_Exercise prompt_
Determine the count of lines in the following entries that contain the string "forall". Write only the number.

[Stored data]
....

lemma dim_le_1_if_dual:
  assumes "i \<le> m" "dim (H (m - i)) \<le> 1"
  shows "dim (H i) \<le> 1"
proof -
  have "\<exists>v. H i \<subseteq> span {v}"
  proof (cases "\<exists>v\<in>H i. v \<noteq> 0")
    case False
    then have "H i \<subseteq> span {0}" by (auto simp: span_singleton)
    then show ?thesis by blast
  next
    case True
    then obtain v where v: "v \<in> H i" "v \<noteq> 0" by blast
    obtain y0 where y0: "y0 \<in> H (m - i)" "\<alpha> (v * y0) \<noteq> 0"
      using nondegenerate[OF assms(1) v] by blast
    then have "H (m - i) = span {y0}" using H_eq_span_singleton[OF assms(2)] alpha_zero by force
    have "u \<in> span {v}" if "u \<in> H i" for u
    proof -
      define s where "s = - \<alpha> (u * y0) / \<alpha> (v * y0)"
      have "u * y0 \<in> H m" "v * y0 \<in> H m" using mult_mem_top assms(1) that v(1) y0(1) by blast+
      then have "\<alpha> ((u + scale s v) * y0) = \<alpha> (u * y0) + s * \<alpha> (v * y0)"
        by (simp add: distrib_right scale_mult_left alpha_add alpha_scale scale_mem_H)
      also have "\<dots> = 0" using y0(2) unfolding s_def by simp
      finally have "u + scale s v = 0"
        using pairing_with_generator_eq_0 assms(1) \<open>H (m - i) = span {y0}\<close> that v(1)
        by (meson add_mem_H scale_mem_H)
      then have "u = scale (- s) v" by (simp add: add_eq_0_iff)
      then show ?thesis unfolding span_singleton by blast
    qed
    then show ?thesis by blast
  qed
  then obtain v where "H i \<subseteq> span {v}" by blast
  then have "dim (H i) \<le> card {v}" by (rule dim_le_card) simp
  then show ?thesis by simp
qed

end

locale poincare_low_injective = poincare_pairing scale H "2 * n" \<alpha>
  for scale :: "'k::field \<Rightarrow> 'a::comm_ring_1 \<Rightarrow> 'a" and H n \<alpha> +
  assumes one_neq_zero: "(1::'a) \<noteq> 0"
    and H_vanish: "\<And>i. 2 * n < i \<Longrightarrow> H i = {0}"
    and mult_injective_low: "\<And>i j. i \<le> n \<Longrightarrow> j \<le> n \<Longrightarrow> mult_injective scale H i j"
begin

definition support :: "nat set" where
  "support = {i. \<exists>x\<in>H i. x \<noteq> 0}"

lemma dim_H_le_1: "dim (H i) \<le> 1"
proof -
  consider "i \<le> n" | "n < i" "i \<le> 2 * n" | "2 * n < i" by linarith
  then show ?thesis
  proof cases
    case 1
    then show ?thesis using mult_injective_dim_le_1 mult_injective_low by blast
  next
    case 2
    then have "dim (H (2 * n - i)) \<le> 1" using mult_injective_dim_le_1 mult_injective_low by simp
    then show ?thesis using dim_le_1_if_dual \<open>i \<le> 2 * n\<close> by blast
  next
    case 3
    then show ?thesis using dim_le_card[of "H i" "{}"] H_vanish by simp
  qed
qed

lemma support_eq_multiples:
  assumes "d \<in> support" "0 < d" "\<And>i. i \<in> support \<Longrightarrow> 0 < i \<Longrightarrow> d \<le> i"
  shows "i \<in> support \<longleftrightarrow> i \<le> 2 * n \<and> d dvd i"
proof (rule symmetric_low_sum_closed_eq_multiples[OF _ _ _ assms])
  show "0 \<in> support" unfolding support_def using one_mem_H0 one_neq_zero by blast
  show "i \<le> 2 * n \<and> 2 * n - i \<in> support" if "i \<in> support" for i
  proof -
    obtain x where "x \<in> H i" "x \<noteq> 0" using \<open>i \<in> support\<close> unfolding support_def by blast
    moreover from this have "i \<le> 2 * n" using H_vanish[of i] by (cases "2 * n < i") auto
    ultimately show ?thesis using dual_nonzero unfolding support_def by blast
  qed
  show "i + j \<in> support" if "i \<in> support" "j \<in> support" "i \<le> n" "j \<le> n" for i j
    using that mult_injective_mult_nonzero[OF mult_injective_low] mult_mem_H
    unfolding support_def by blast
qed

lemma powers_nonzero:
  assumes x: "x \<in> H d" "x \<noteq> 0" and "0 < d"
    and support: "\<And>i. i \<in> support \<longleftrightarrow> i \<le> 2 * n \<and> d dvd i"
  shows "k * d \<le> 2 * n \<Longrightarrow> x ^ k \<noteq> 0"
proof (induction k)
  case 0
  then show ?case using one_neq_zero by simp
next
  case (Suc k)
  have "x ^ k \<noteq> 0" "x ^ k \<in> H (k * d)" using Suc power_mem_H[OF x(1)] by auto
  consider "k = 0" | "0 < k" "k * d \<le> n" | "0 < k" "n < k * d" by linarith
  then show ?case
  proof cases
    case 1
    then show ?thesis using x by simp
  next
    case 2
    have "d \<le> k * d" using \<open>0 < k\<close> by simp
    then have "d \<le> n" using \<open>k * d \<le> n\<close> by linarith
    with 2 have "x ^ k * x \<noteq> 0"
      using mult_injective_mult_nonzero[OF mult_injective_low \<open>x ^ k \<in> H (k * d)\<close> x(1) \<open>x ^ k \<noteq> 0\<close> x(2)]
      by simp
    then show ?thesis by (simp add: mult.commute)
  next
    case 3
    txt \<open>Above degree \<open>n\<close> injectivity is not available: pair \<open>x\<^sup>k\<close> instead with \<open>w x\<close>, where \<open>w\<close> is
      a nonzero class of degree \<open>2n - (k + 1) d < n\<close>.\<close>
    have "Suc k * d \<in> support" using Suc.prems support by simp
    then obtain w where w: "w \<in> H (2 * n - Suc k * d)" "w \<noteq> 0"
      using dual_nonzero Suc.prems unfolding support_def by blast
    have "d \<le> n" using 3 Suc.prems by (cases k) auto
    then have "w * x \<noteq> 0"
      using mult_injective_mult_nonzero[OF mult_injective_low w(1) x(1) w(2) x(2)] 3 by simp
    moreover have "w * x \<in> H (2 * n - k * d)"
      using mult_mem_H[OF w(1) x(1)] Suc.prems by (simp add: add.commute)
    ultimately have "x ^ k * (w * x) \<noteq> 0"
      using mult_nonzero_dual[OF dim_H_le_1 _ \<open>x ^ k \<in> H (k * d)\<close>] \<open>x ^ k \<noteq> 0\<close> Suc.prems by simp
    then show ?thesis by (auto simp: ac_simps)
  qed
qed

lemma powers_span_H:
  assumes x: "x \<in> H d" "x \<noteq> 0" and "0 < d"
    and support: "\<And>i. i \<in> support \<longleftrightarrow> i \<le> 2 * n \<and> d dvd i"
    and "y \<in> H i"
  shows "\<exists>k c. y = scale c (x ^ k)"
proof (cases "y = 0")
  case True
  then show ?thesis by (intro exI[of _ 0]) simp
next
  case False
  then have "i \<le> 2 * n" "d dvd i" using \<open>y \<in> H i\<close> support unfolding support_def by blast+
  then obtain k where "i = k * d" "k * d \<le> 2 * n" by (metis dvdE mult.commute)
  then have "H i = span {x ^ k}"
    using H_eq_span_singleton[OF dim_H_le_1] power_mem_H[OF x(1)] powers_nonzero[OF x \<open>0 < d\<close> support]
    by simp
  then show ?thesis using \<open>y \<in> H i\<close> by (auto simp: span_singleton)
qed

lemma truncated_power_generator:
  "\<exists>d p x. x \<in> H d \<and> 0 < d \<and> (\<forall>k<p. x ^ k \<noteq> 0) \<and> x ^ p = 0 \<and>
     (\<forall>i. \<forall>y\<in>H i. \<exists>k c. y = scale c (x ^ k))"
proof (cases "\<exists>i\<in>support. 0 < i")
  case False
  txt \<open>Then \<open>H = H\<^sup>0\<close> is a line, presented as \<open>K[x]/(x)\<close> by \<open>x = 0\<close>, taken in degree \<open>1\<close>.\<close>
  have "\<exists>k c. y = scale c ((0::'a) ^ k)" if "y \<in> H i" for i y
  proof (cases "i = 0")
    case True
    then have "\<exists>c. y = scale c 1"
      using that H_eq_span_singleton[OF dim_H_le_1 one_mem_H0 one_neq_zero] by (auto simp: span_singleton)
    then show ?thesis by (metis power_0)
  next
    case False
    then have "y = 0" using \<open>\<not> (\<exists>i\<in>support. 0 < i)\<close> that unfolding support_def by blast
    then show ?thesis by (metis scale_zero_left)
  qed
  then show ?thesis using zero_mem_H one_neq_zero by (intro exI[of _ 1] exI[of _ 1] exI[of _ 0]) auto
next
  case True
  define d where "d = (LEAST i. i \<in> support \<and> 0 < i)"
  have "d \<in> support" "0 < d" using LeastI_ex[of "\<lambda>i. i \<in> support \<and> 0 < i"] True unfolding d_def by auto
  have least: "d \<le> i" if "i \<in> support" "0 < i" for i unfolding d_def using that by (simp add: Least_le)
  note support = support_eq_multiples[OF \<open>d \<in> support\<close> \<open>0 < d\<close> least]
  obtain x where x: "x \<in> H d" "x \<noteq> 0" using \<open>d \<in> support\<close> unfolding support_def by blast
  define p where "p = 2 * n div d + 1"
  have "x ^ k \<noteq> 0" if "k < p" for k
  proof -
    have "k * d \<le> 2 * n div d * d" using that unfolding p_def by simp
    also have "\<dots> \<le> 2 * n" by simp
    finally show ?thesis using powers_nonzero[OF x \<open>0 < d\<close> support] by blast
  qed
  moreover have "2 * n < p * d"
    unfolding p_def using \<open>0 < d\<close> by (metis div_mult_mod_eq add_less_cancel_left distrib_right mod_less_divisor mult_1)
  then have "x ^ p = 0" using power_mem_H[OF x(1), of p] H_vanish by simp
  ultimately show ?thesis using x \<open>0 < d\<close> powers_span_H[OF x \<open>0 < d\<close> support] by blast
qed

end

....

_Written solution_
2